Plaintiff purchased a policy of insurance on or about April 29, 1988. The policy was denominated as a "fire policy” and the coverage period was 4/29/88 to 4/29/89. The insured on the policy was listed as the plaintiff at his home address, 54 Larch Hill Rd. Lawrence N. Y. 11559-1926, and the covered premises was described as "nassau county inwood fd 157 davids ave inwood ny 11696”. The policy insured the premises against fire loss and other stated perils. It is not disputed that at the time the policy was issued plaintiff held a mortgage on the premises which was in default. The mortgage was acquired in May 1986 from Delta Funding Corporation. In July 1988, defendant foreclosed on the mortgage and successfully bid the entire amount of the balance then due on the mortgage at the foreclosure sale. On August 13, 1988 the property was severely damaged by fire. Plaintiff made a claim under the abovesaid policy of insurance and defendant denied the claim.
Since a mortgagee is entitled to only one satisfaction of its debt and no more, the successful bidding in of the debt to purchase the mortgaged premises, constitutes satisfaction of the debt (Whitestone Sav. & Loan Assn. v Allstate Ins. Co., 28 *493NY2d 332, 335). Because the debt is extinguished it is not necessary or useful to refer to "attenuated traditional concepts to the effect that when the mortgagee acquires the title to the property there is a merger of the mortgage interest into that of the fee” (Whitestone Sav. & Loan Assn. v Allstate Ins. Co., supra, at 335). "[T]he authorities are unanimous to the effect that if subsequent to the fire the mortgagee has had its debt satisfied by purchase at foreclosure either by the mortgagee or a stranger, even by its bidding in of the outstanding debt, the mortgagee’s rights under the policy are terminated”. (28 NY2d, supra, at 335.)
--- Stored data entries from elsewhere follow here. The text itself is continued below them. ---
text \<open>Writing \<open>\<rho> / (1 + \<rho> t)\<close> as a Laplace integral and swapping the order of integration,
  the inner integral is an Erlang moment \<open>n! / (\<Xi> + w)\<^sup>n\<^sup>+\<^sup>1\<close>.\<close>
lemma nn_integral_power_exp_div_affine:
  assumes \<Xi>: "0 < \<Xi>" and \<rho>: "0 < \<rho>"
  shows "(\<integral>\<^sup>+t. ennreal (indicator {0..} t * (\<rho> * t ^ n * exp (- \<Xi> * t) / (1 + \<rho> * t))) \<partial>lborel)
     = ennreal (fact n / \<rho> ^ n * exp (\<Xi> / \<rho>) * upper_inc_Gamma (- real n) (\<Xi> / \<rho>))"
proof -
  let ?g = "\<lambda>t w::real. ennreal (indicator {0..} t * indicator {0..} w * (t ^ n * exp (- \<Xi> * t) * exp (- (t + 1 / \<rho>) * w)))"
  have "(\<integral>\<^sup>+t. ennreal (indicator {0..} t * (\<rho> * t ^ n * exp (- \<Xi> * t) / (1 + \<rho> * t))) \<partial>lborel)
     = (\<integral>\<^sup>+t. \<integral>\<^sup>+w. ?g t w \<partial>lborel \<partial>lborel)"
  proof (intro nn_integral_cong)
    fix t :: real
    show "ennreal (indicator {0..} t * (\<rho> * t ^ n * exp (- \<Xi> * t) / (1 + \<rho> * t))) = (\<integral>\<^sup>+w. ?g t w \<partial>lborel)"
    proof (cases "0 \<le> t")
      case True
      have "(\<integral>\<^sup>+w. ?g t w \<partial>lborel)
          = (\<integral>\<^sup>+w. ennreal (t ^ n * exp (- \<Xi> * t)) * (ennreal (exp (- (t + 1 / \<rho>) * w)) * indicator {0..} w) \<partial>lborel)"
        using True by (intro nn_integral_cong) (auto simp: ennreal_mult'[symmetric] indicator_def)
      also have "\<dots> = ennreal (t ^ n * exp (- \<Xi> * t)) * ennreal (\<rho> / (1 + \<rho> * t))"
        using nn_integral_exp_eq_divide_affine[OF True \<rho>] by (subst nn_integral_cmult) simp_all
      finally show ?thesis
        using True \<rho> by (simp add: ennreal_mult'[symmetric] add_pos_nonneg)
    qed (simp add: indicator_def)
  qed
  also have "\<dots> = (\<integral>\<^sup>+w. \<integral>\<^sup>+t. ?g t w \<partial>lborel \<partial>lborel)"
    by (subst lborel_pair.Fubini') (auto simp: case_prod_unfold)
  also have "\<dots> = (\<integral>\<^sup>+w. ennreal (indicator {0..} w * (exp (- w / \<rho>) * fact n / (\<Xi> + w) ^ (n + 1))) \<partial>lborel)"
  proof (intro nn_integral_cong)
    fix w :: real
    show "(\<integral>\<^sup>+t. ?g t w \<partial>lborel) = ennreal (indicator {0..} w * (exp (- w / \<rho>) * fact n / (\<Xi> + w) ^ (n + 1)))"
    proof (cases "0 \<le> w")
      case True
      then have l: "0 < \<Xi> + w" using \<Xi> by simp
      have "(\<integral>\<^sup>+t. ?g t w \<partial>lborel)
          = (\<integral>\<^sup>+t. ennreal (exp (- w / \<rho>)) * (ennreal (t ^ n * exp (- (\<Xi> + w) * t)) * indicator {0..} t) \<partial>lborel)"
        using True by (intro nn_integral_cong)
          (auto simp: ennreal_mult'[symmetric] indicator_def exp_add[symmetric] algebra_simps)
      also have "\<dots> = ennreal (exp (- w / \<rho>)) * ennreal (fact n / (\<Xi> + w) ^ (n + 1))"
        using nn_integral_power_exp[OF l, of n] by (subst nn_integral_cmult) simp_all
      finally show ?thesis
        using True l by (simp add: ennreal_mult'[symmetric])
    qed (simp add: indicator_def)
  qed
  also have "\<dots> = ennreal \<bar>\<rho>\<bar> * (\<integral>\<^sup>+s. ennreal (indicator {0..} (- \<Xi> + \<rho> * s)
      * (exp (- (- \<Xi> + \<rho> * s) / \<rho>) * fact n / (\<Xi> + (- \<Xi> + \<rho> * s)) ^ (n + 1))) \<partial>lborel)"
    by (rule nn_integral_real_affine) (use \<rho> in auto)
  also have "\<dots> = (\<integral>\<^sup>+s. ennreal (fact n / \<rho> ^ n * exp (\<Xi> / \<rho>))
      * ennreal (indicator {\<Xi> / \<rho>..} s * (s powr (- real n - 1) * exp (- s))) \<partial>lborel)"
    by (subst nn_integral_cmult[symmetric], measurable)
      (simp only: ennreal_mult'[OF abs_ge_zero, symmetric] affine_subst_upper_inc_Gamma_integrand[OF \<Xi> \<rho>],
       intro nn_integral_cong ennreal_mult', use \<rho> in simp)
  also have "\<dots> = ennreal (fact n / \<rho> ^ n * exp (\<Xi> / \<rho>)) * ennreal (upper_inc_Gamma (- real n) (\<Xi> / \<rho>))"
    using \<Xi> \<rho> by (subst nn_integral_cmult) (simp_all add: nn_integral_upper_inc_Gamma)
  also have "\<dots> = ennreal (fact n / \<rho> ^ n * exp (\<Xi> / \<rho>) * upper_inc_Gamma (- real n) (\<Xi> / \<rho>))"
    using \<rho> by (subst ennreal_mult') auto
  finally show ?thesis .
qed

lemma (in sigma_finite_measure) nn_integral_layer_cake:
  fixes F f :: "real \<Rightarrow> real"
  assumes [measurable]: "Y \<in> borel_measurable M" "f \<in> borel_measurable borel"
    and Y_nonneg: "AE \<omega> in M. 0 \<le> Y \<omega>"
    and F_deriv: "\<And>x. 0 \<le> x \<Longrightarrow> (F has_real_derivative f x) (at x)"
    and f_nonneg: "\<And>x. 0 \<le> x \<Longrightarrow> 0 \<le> f x" and "F 0 = 0"
  shows "(\<integral>\<^sup>+\<omega>. ennreal (F (Y \<omega>)) \<partial>M)
       = (\<integral>\<^sup>+t. ennreal (f t * indicator {0..} t) * emeasure M {\<omega> \<in> space M. t < Y \<omega>} \<partial>lborel)"
proof -
  interpret pair_sigma_finite M lborel
    by (intro pair_sigma_finite.intro sigma_finite_measure_axioms lborel.sigma_finite_measure_axioms)
  let ?h = "\<lambda>\<omega> t. ennreal (f t * indicator {0..} t) * (if t < Y \<omega> then 1 else 0)"
  have "(\<integral>\<^sup>+\<omega>. ennreal (F (Y \<omega>)) \<partial>M) = (\<integral>\<^sup>+\<omega>. \<integral>\<^sup>+t. ?h \<omega> t \<partial>lborel \<partial>M)"
  proof (rule nn_integral_cong_AE, rule eventually_mono[OF Y_nonneg])
    fix \<omega> assume Y: "0 \<le> Y \<omega>"
    have "(\<integral>\<^sup>+t. ?h \<omega> t \<partial>lborel) = (\<integral>\<^sup>+t. ennreal (f t) * indicator {0..Y \<omega>} t \<partial>lborel)"
      by (intro nn_integral_cong_AE eventually_mono[OF AE_lborel_singleton[of "Y \<omega>"]])
        (auto simp: indicator_def)
    also have "\<dots> = ennreal (F (Y \<omega>) - F 0)"
      using Y F_deriv f_nonneg by (intro nn_integral_FTC_Icc) auto
    finally show "ennreal (F (Y \<omega>)) = (\<integral>\<^sup>+t. ?h \<omega> t \<partial>lborel)"
      using \<open>F 0 = 0\<close> by simp
  qed
  also have "\<dots> = (\<integral>\<^sup>+t. \<integral>\<^sup>+\<omega>. ?h \<omega> t \<partial>M \<partial>lborel)"
    by (rule Fubini'[symmetric]) measurable
  also have "\<dots> = (\<integral>\<^sup>+t. ennreal (f t * indicator {0..} t) * emeasure M {\<omega> \<in> space M. t < Y \<omega>} \<partial>lborel)"
  proof (rule nn_integral_cong)
    fix t :: real
    have "(\<integral>\<^sup>+\<omega>. ?h \<omega> t \<partial>M) = (\<integral>\<^sup>+\<omega>. ennreal (f t * indicator {0..} t) * indicator {\<omega> \<in> space M. t < Y \<omega>} \<omega> \<partial>M)"
      by (intro nn_integral_cong) (auto simp: indicator_def)
    also have "\<dots> = ennreal (f t * indicator {0..} t) * emeasure M {\<omega> \<in> space M. t < Y \<omega>}"
      by (rule nn_integral_cmult_indicator) measurable
    finally show "(\<integral>\<^sup>+\<omega>. ?h \<omega> t \<partial>M) = \<dots>" .
  qed
  finally show ?thesis .
qed

lemma (in prob_space) expectation_ln_one_plus_of_tail:
  fixes c :: "'i \<Rightarrow> real" and n :: "'i \<Rightarrow> nat"
  assumes [measurable]: "Y \<in> borel_measurable M"
    and Y_nonneg: "AE \<omega> in M. 0 \<le> Y \<omega>"
    and \<rho>: "0 < \<rho>" and \<Xi>: "0 < \<Xi>" and "finite K" and c_nonneg: "\<And>k. k \<in> K \<Longrightarrow> 0 \<le> c k"
    and tail: "\<And>t. 0 \<le> t \<Longrightarrow> prob {\<omega> \<in> space M. t < Y \<omega>} = (\<Sum>k\<in>K. c k * (t ^ n k * exp (- \<Xi> * t)))"
  shows "(\<integral>\<omega>. ln (1 + \<rho> * Y \<omega>) \<partial>M)
       = (\<Sum>k\<in>K. c k * (fact (n k) / \<rho> ^ n k * exp (\<Xi> / \<rho>) * upper_inc_Gamma (- real (n k)) (\<Xi> / \<rho>)))"
    (is "_ = ?S")
proof -
  let ?I = "\<lambda>k t. indicator {0..} t * (\<rho> * t ^ n k * exp (- \<Xi> * t) / (1 + \<rho> * t))"
  let ?G = "\<lambda>k. fact (n k) / \<rho> ^ n k * exp (\<Xi> / \<rho>) * upper_inc_Gamma (- real (n k)) (\<Xi> / \<rho>)"
  have I_nonneg: "0 \<le> ?I k t" for k t
    using \<rho> by (auto simp: indicator_def add_pos_nonneg less_imp_le)
  have G_nonneg: "0 \<le> ?G k" for k
    using \<rho> upper_inc_Gamma_nonneg by simp
  have "(\<integral>\<^sup>+\<omega>. ennreal (ln (1 + \<rho> * Y \<omega>)) \<partial>M)
      = (\<integral>\<^sup>+t. ennreal (\<rho> / (1 + \<rho> * t) * indicator {0..} t) * emeasure M {\<omega> \<in> space M. t < Y \<omega>} \<partial>lborel)"
  proof (rule nn_integral_layer_cake[OF _ _ Y_nonneg])
    fix x :: real assume "0 \<le> x"
    then have "0 < 1 + \<rho> * x" using \<rho> by (simp add: add_pos_nonneg)
    then show "((\<lambda>x. ln (1 + \<rho> * x)) has_real_derivative \<rho> / (1 + \<rho> * x)) (at x)"
      by (auto intro!: derivative_eq_intros)
    show "0 \<le> \<rho> / (1 + \<rho> * x)" using \<open>0 \<le> x\<close> \<rho> by simp
  qed simp_all
  also have "\<dots> = (\<integral>\<^sup>+t. (\<Sum>k\<in>K. ennreal (c k) * ennreal (?I k t)) \<partial>lborel)"
  proof (rule nn_integral_cong)
    fix t :: real
    have "0 \<le> \<rho> / (1 + \<rho> * t) * indicator {0..} t"
      using \<rho> by (auto simp: indicator_def add_pos_nonneg less_imp_le)
    then have "ennreal (\<rho> / (1 + \<rho> * t) * indicator {0..} t) * emeasure M {\<omega> \<in> space M. t < Y \<omega>}
        = ennreal (\<rho> / (1 + \<rho> * t) * indicator {0..} t * prob {\<omega> \<in> space M. t < Y \<omega>})"
      unfolding emeasure_eq_measure by (rule ennreal_mult'[symmetric])
    also have "\<rho> / (1 + \<rho> * t) * indicator {0..} t * prob {\<omega> \<in> space M. t < Y \<omega>} = (\<Sum>k\<in>K. c k * ?I k t)"
    proof (cases "0 \<le> t")
      case True
      then show ?thesis
        unfolding tail[OF True] by (simp add: sum_distrib_left sum_divide_distrib ac_simps)
    qed simp
    also have "ennreal (\<Sum>k\<in>K. c k * ?I k t) = (\<Sum>k\<in>K. ennreal (c k * ?I k t))"
      by (intro sum_ennreal[symmetric] mult_nonneg_nonneg c_nonneg I_nonneg)
    also have "\<dots> = (\<Sum>k\<in>K. ennreal (c k) * ennreal (?I k t))"
      by (intro sum.cong refl ennreal_mult' c_nonneg)
    finally show "ennreal (\<rho> / (1 + \<rho> * t) * indicator {0..} t) * emeasure M {\<omega> \<in> space M. t < Y \<omega>}
        = (\<Sum>k\<in>K. ennreal (c k) * ennreal (?I k t))" .
  qed
  also have "\<dots> = (\<Sum>k\<in>K. ennreal (c k) * (\<integral>\<^sup>+t. ennreal (?I k t) \<partial>lborel))"
    by (subst nn_integral_sum, measurable) (intro sum.cong refl nn_integral_cmult, measurable)
  also have "\<dots> = (\<Sum>k\<in>K. ennreal (c k) * ennreal (?G k))"
    by (simp only: nn_integral_power_exp_div_affine[OF \<Xi> \<rho>])
  also have "\<dots> = (\<Sum>k\<in>K. ennreal (c k * ?G k))"
    by (intro sum.cong refl ennreal_mult'[symmetric] c_nonneg)
  also have "\<dots> = ennreal ?S"
    by (intro sum_ennreal mult_nonneg_nonneg c_nonneg G_nonneg)
  finally have nn: "(\<integral>\<^sup>+\<omega>. ennreal (ln (1 + \<rho> * Y \<omega>)) \<partial>M) = ennreal ?S" .
  have "AE \<omega> in M. 0 \<le> ln (1 + \<rho> * Y \<omega>)"
    using Y_nonneg by eventually_elim (use \<rho> in simp)
  moreover have "0 \<le> ?S"
    by (intro sum_nonneg mult_nonneg_nonneg c_nonneg G_nonneg)
  ultimately have "has_bochner_integral M (\<lambda>\<omega>. ln (1 + \<rho> * Y \<omega>)) ?S"
    using nn by (intro has_bochner_integral_nn_integral) simp_all
  then show ?thesis
    by (rule has_bochner_integral_integral_eq)
qed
The court at IAS correctly concluded that the occurrence of the loss after, rather than before, the foreclosure sale, at which the mortgagee successfully bid in the full amount of the remaining debt, does not alter the result; the mortgagee’s insurable interest as such is terminated and the mortgagee cannot recover under a policy insuring its interest as mortgagee. (See, Equitable Life Assur. Socy. v Great Atl. Ins. Co., 69 Misc 2d 714, 717, affd without opn 40 AD2d 956; Cohen v New York Prop. Ins. Underwriting Assn., 160 AD2d 287.) While the policy in question does not list plaintiff as mortgagee or recite that there is any mortgage on the property, it appears that the policy was issued in the exact amount of the mortgage held by plaintiff, and that was the only interest in the property held by plaintiff when he purchased the policy and thus the only interest covered thereby was his interest as mortgagee. Accordingly, the IAS court correctly granted summary judgment to defendant. Concur — Carro, J. P., Milonas, Rosenberger, Ellerin and Smith, JJ.